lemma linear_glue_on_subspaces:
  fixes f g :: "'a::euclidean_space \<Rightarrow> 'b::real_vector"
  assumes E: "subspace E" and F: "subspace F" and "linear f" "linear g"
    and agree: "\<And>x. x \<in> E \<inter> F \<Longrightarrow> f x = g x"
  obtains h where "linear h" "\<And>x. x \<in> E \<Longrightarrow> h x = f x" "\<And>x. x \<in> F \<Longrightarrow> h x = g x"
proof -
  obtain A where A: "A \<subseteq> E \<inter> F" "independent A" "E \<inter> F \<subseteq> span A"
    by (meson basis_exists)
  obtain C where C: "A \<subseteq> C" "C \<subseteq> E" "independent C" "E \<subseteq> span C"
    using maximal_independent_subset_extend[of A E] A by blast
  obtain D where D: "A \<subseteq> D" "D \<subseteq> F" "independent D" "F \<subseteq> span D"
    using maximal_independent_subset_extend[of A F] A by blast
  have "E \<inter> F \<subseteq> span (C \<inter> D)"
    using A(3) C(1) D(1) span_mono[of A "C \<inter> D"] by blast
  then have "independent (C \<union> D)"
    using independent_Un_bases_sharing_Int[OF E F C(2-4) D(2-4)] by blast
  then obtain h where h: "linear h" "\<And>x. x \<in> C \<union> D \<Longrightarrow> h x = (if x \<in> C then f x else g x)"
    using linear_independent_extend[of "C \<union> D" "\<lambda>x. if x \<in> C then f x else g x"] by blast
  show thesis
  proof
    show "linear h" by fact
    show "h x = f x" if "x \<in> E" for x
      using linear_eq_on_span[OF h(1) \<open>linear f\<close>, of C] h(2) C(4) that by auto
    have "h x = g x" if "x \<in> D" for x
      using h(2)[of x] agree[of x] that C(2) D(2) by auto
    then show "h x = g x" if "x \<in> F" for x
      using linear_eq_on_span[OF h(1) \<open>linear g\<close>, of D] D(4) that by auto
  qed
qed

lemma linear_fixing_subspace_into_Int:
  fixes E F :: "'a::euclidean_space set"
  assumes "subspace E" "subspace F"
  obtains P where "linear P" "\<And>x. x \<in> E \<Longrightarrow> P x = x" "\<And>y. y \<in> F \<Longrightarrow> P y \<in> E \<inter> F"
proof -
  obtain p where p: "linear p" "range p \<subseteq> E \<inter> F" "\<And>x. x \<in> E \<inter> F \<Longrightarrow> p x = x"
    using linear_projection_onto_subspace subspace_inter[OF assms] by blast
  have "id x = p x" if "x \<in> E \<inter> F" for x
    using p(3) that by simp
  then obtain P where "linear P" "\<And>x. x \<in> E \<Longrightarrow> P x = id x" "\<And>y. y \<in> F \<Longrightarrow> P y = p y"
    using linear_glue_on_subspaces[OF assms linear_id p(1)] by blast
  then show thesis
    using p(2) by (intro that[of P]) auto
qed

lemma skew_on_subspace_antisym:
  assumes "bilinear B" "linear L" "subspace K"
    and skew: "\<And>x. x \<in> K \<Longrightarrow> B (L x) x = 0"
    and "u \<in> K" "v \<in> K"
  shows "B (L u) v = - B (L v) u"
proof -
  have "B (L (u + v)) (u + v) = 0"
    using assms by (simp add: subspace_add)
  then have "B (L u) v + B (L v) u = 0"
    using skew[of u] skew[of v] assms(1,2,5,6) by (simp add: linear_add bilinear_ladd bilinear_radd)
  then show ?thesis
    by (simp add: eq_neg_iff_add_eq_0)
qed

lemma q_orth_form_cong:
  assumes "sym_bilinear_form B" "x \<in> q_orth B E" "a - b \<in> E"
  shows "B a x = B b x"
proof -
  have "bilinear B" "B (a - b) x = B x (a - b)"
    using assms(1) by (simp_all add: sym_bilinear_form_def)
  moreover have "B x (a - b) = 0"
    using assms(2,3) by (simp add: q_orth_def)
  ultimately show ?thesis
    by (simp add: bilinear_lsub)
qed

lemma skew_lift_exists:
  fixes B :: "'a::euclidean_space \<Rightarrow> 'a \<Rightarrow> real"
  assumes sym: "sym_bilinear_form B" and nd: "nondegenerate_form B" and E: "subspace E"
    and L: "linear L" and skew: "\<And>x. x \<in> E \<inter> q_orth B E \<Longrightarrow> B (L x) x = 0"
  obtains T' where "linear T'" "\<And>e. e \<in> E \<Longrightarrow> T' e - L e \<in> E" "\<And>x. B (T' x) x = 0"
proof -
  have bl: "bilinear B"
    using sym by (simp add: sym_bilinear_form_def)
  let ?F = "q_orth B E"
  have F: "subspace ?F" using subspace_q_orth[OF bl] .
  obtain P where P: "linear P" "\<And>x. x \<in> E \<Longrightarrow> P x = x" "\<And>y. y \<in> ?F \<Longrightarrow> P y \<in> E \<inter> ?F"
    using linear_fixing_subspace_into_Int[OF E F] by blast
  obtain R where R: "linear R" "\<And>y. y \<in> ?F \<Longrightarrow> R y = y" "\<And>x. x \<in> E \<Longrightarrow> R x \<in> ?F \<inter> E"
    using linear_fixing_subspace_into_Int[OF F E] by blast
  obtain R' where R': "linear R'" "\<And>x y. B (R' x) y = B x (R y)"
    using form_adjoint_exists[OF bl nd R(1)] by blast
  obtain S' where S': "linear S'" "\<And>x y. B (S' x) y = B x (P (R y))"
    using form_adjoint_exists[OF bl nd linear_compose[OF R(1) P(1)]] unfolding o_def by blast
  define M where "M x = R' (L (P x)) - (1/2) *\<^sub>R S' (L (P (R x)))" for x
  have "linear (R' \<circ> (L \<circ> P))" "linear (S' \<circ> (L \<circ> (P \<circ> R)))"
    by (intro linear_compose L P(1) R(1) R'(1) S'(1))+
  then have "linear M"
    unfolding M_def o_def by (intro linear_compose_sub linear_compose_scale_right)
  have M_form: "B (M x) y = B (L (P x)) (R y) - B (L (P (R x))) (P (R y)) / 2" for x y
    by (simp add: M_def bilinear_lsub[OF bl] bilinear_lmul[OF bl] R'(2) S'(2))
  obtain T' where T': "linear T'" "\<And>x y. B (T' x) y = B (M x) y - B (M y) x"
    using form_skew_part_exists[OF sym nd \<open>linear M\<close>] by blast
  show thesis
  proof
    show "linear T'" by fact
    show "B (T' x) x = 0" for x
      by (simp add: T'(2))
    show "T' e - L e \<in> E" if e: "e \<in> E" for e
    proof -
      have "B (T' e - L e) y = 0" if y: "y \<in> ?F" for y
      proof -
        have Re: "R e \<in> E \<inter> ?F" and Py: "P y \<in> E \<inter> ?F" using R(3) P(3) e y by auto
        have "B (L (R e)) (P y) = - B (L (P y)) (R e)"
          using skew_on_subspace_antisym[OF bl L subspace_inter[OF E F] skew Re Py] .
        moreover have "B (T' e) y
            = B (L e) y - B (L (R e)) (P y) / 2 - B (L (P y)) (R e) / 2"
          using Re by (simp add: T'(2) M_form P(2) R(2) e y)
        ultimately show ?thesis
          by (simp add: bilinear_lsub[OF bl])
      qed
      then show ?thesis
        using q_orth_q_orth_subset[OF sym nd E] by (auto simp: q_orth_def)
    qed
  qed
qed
---+---
**What to work on**
Up to and including the line that contains "F \<Longrightarrow> f", restate word for word every line of the entries, starting from the first.

**Exercise result**
lemma linear_glue_on_subspaces:
  fixes f g :: "'a::euclidean_space \<Rightarrow> 'b::real_vector"
  assumes E: "subspace E" and F: "subspace F" and "linear f" "linear g"
    and agree: "\<And>x. x \<in> E \<inter> F \<Longrightarrow> f x = g x"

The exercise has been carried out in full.